Abstract
Introduction
Party system institutionalization (PSI) refers to the extent to which “a stable set of parties interacts regularly in stable ways” (Mainwaring, 2018:4) and come to “complete, colligate, and collaborate” in a predictable manner (Casal Bértoa and Enyedi, 2021:17). Stable and predictable party systems are regarded as a critical underpinning of democracy as they generate information about who the parties are, what they stand for, and how they might behave. Under-institutionalized party systems that exhibit frequent reshuffling of parties and erratic interparty interactions are thought to undermine accountability (Jensenius and Suryanarayan, 2022; Ridge, 2022; Robbins and Hunter, 2011; Schleiter and Voznaya, 2018), impede interparty coordination (Bernhard et al., 2020; Hicken, 2016), and diminish the capacity of governments to implement consistent policies that promote social and economic welfare (Hicken, 2016; Mauro, 2022; Robbins, 2010; Tommasi, 2006). Such deficiencies can erode the legitimacy of democratic institutions and create openings that anti-democratic actors can exploit to trigger the breakdown of democracy (Mainwaring, 2018; Mainwaring and Scully, 1995).
Despite this widely entrenched belief that democracy is unworkable—and perhaps even unsustainable—without institutionalized party systems, the supporting evidence is not as conclusive as one might expect (Casal Bértoa, 2017). This is in part due to weaknesses in existing measurement approaches. Given the significant challenges associated with gathering comparative party system data, empirical studies often employ dissimilar indicators or focus on disjoint regions, which has at times produced conflicting results (Enyedi and Casal Bértoa, 2020). Other studies reduce data demands by mono-operationalizing PSI with Pedersen’s (1979) index of electoral volatility or the age of the main parties, but these measures only partially or indirectly capture PSI. While recent works have advanced the measurement of the concept, the coverage of the subsequent measures remains limited (e.g., Casal Bértoa and Enyedi, 2021; Chiaramonte and Emanuele, 2022; Rodriguez and Rosenblatt, 2020). Moreover, no measure directly accounts for the latent nature of PSI, the accompanying measurement error, and non-random missing data, but overlooking such issues can generate misleading inferences. Together, these unresolved measurement challenges have inhibited the development of systematic understandings of how PSI is related to party building and collapse, on one hand, and democratic consolidation and backsliding, on the other, across regions, contexts, and over time (Casal Bértoa, 2018).

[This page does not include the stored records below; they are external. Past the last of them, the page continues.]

lemma fischer_decomposition_unique:
  fixes K :: "nat \<Rightarrow> nat \<Rightarrow> 'n::finite mpoly"
  assumes K: "\<forall>a b. 2*a \<le> p \<and> 2*b \<le> q \<longrightarrow> bihom (p - 2*a) (q - 2*b) (K a b) \<and> harm2 (K a b)"
    and sum_eq_0: "(\<Sum>a\<le>p div 2. \<Sum>b\<le>q div 2. normx2 ^ a * normu2 ^ b * K a b) = 0"
  shows "K 0 0 = 0"
proof -
  have Kab: "bihom (p - 2*a) (q - 2*b) (K a b) \<and> harm2 (K a b)" if "a \<le> p div 2" "b \<le> q div 2" for a b
  proof -
    have "2*a \<le> p" "2*b \<le> q"
      using that by presburger+
    then show ?thesis
      using K by blast
  qed
  define G where "G a = (\<Sum>b\<le>q div 2. normu2 ^ b * K a b)" for a
  have normu2_power: "pd (Inl j) (normu2 ^ b) = 0" for j :: 'n and b
    by (simp add: pd_power_eq_0)
  have "Lx (normu2 ^ b * X) = normu2 ^ b * Lx X" for b and X :: "'n mpoly"
    by (simp only: second_order_mult_if_pd_eq_0 normu2_power)
  moreover have "Nx (normu2 ^ b * X) = normu2 ^ b * Nx X" for b and X :: "'n mpoly"
    by (simp only: first_order_mult_if_pd_eq_0 normu2_power)
  ultimately have "Lx (G a) = 0 \<and> Nx (G a) = of_nat (p - 2*a) * G a" if "a \<le> p div 2" for a
    using Kab that unfolding G_def
    by (auto simp: second_order_sum first_order_sum harm2_iff bihom_iff sum_distrib_left mult.left_commute
        simp del: second_order_mult first_order_mult of_nat_diff intro!: sum.neutral sum.cong)
  moreover have "(\<Sum>a\<le>p div 2. sq_norm Inl ^ a * G a) = 0"
    using sum_eq_0 by (simp add: G_def normx2_sq_norm sum_distrib_left mult.assoc)
  ultimately have "G 0 = 0"
    by (intro sq_norm_expansion_eq_0[where d = "\<lambda>a. p - 2*a"]) auto
  then have "(\<Sum>b\<le>q div 2. sq_norm Inr ^ b * K 0 b) = 0"
    by (simp add: G_def normu2_sq_norm)
  moreover have "Lu (K 0 b) = 0 \<and> Nu (K 0 b) = of_nat (q - 2*b) * K 0 b" if "b \<le> q div 2" for b
    using Kab that by (auto simp: harm2_iff bihom_iff)
  ultimately show ?thesis
    by (intro sq_norm_expansion_eq_0[where d = "\<lambda>b. q - 2*b" and s = Inr]) auto
qed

This article fills this gap by presenting a novel measure of PSI that addresses these measurement issues. Since PSI is a latent concept that cannot be directly observed or measured (Casal Bértoa and Enyedi, 2021; Mainwaring, 2018), I employ a Bayesian latent variable measurement strategy, which leverages information from manifest (observable) indicators of the concept to estimate PSI. I overcome data limitations by gathering extensive data on the partisan composition of legislatures and governments, and use this data in conjunction with the Varieties of Democracy (V-Dem) dataset (Coppedge et al., 2020) to construct five manifest indicators of PSI that cover 96 democracies from 1945 to 2018. The subsequent Party System Institutionalization Scores (
Measuring PSI: Existing approaches
Following Mainwaring and Scully’s (1995) seminal volume on party systems in Latin America, a wave of empirical studies highlighted the potential utility of the concept of PSI for explaining variations in the performance of democracies (e.g., Coppedge, 1998; Croissant and Völkel, 2012; Jones, 2010; Kuenzi and Lambright, 2001; Lindberg, 2007; Mainwaring and Torcal, 2006; Meleshevich, 2007; Stockton, 2001; Weghorst and Bernhard, 2014). However, given data constraints, these studies tend to employ dissimilar indicators or focus on disjoint regions, which makes it difficult to systematically compare results, explain discrepancies, and build unified theories. Furthermore, the usual strategy to aggregate multiple indicators is to average them into an index, but there is usually no justification given as to whether this strategy is appropriate for measuring PSI (Luna, 2014).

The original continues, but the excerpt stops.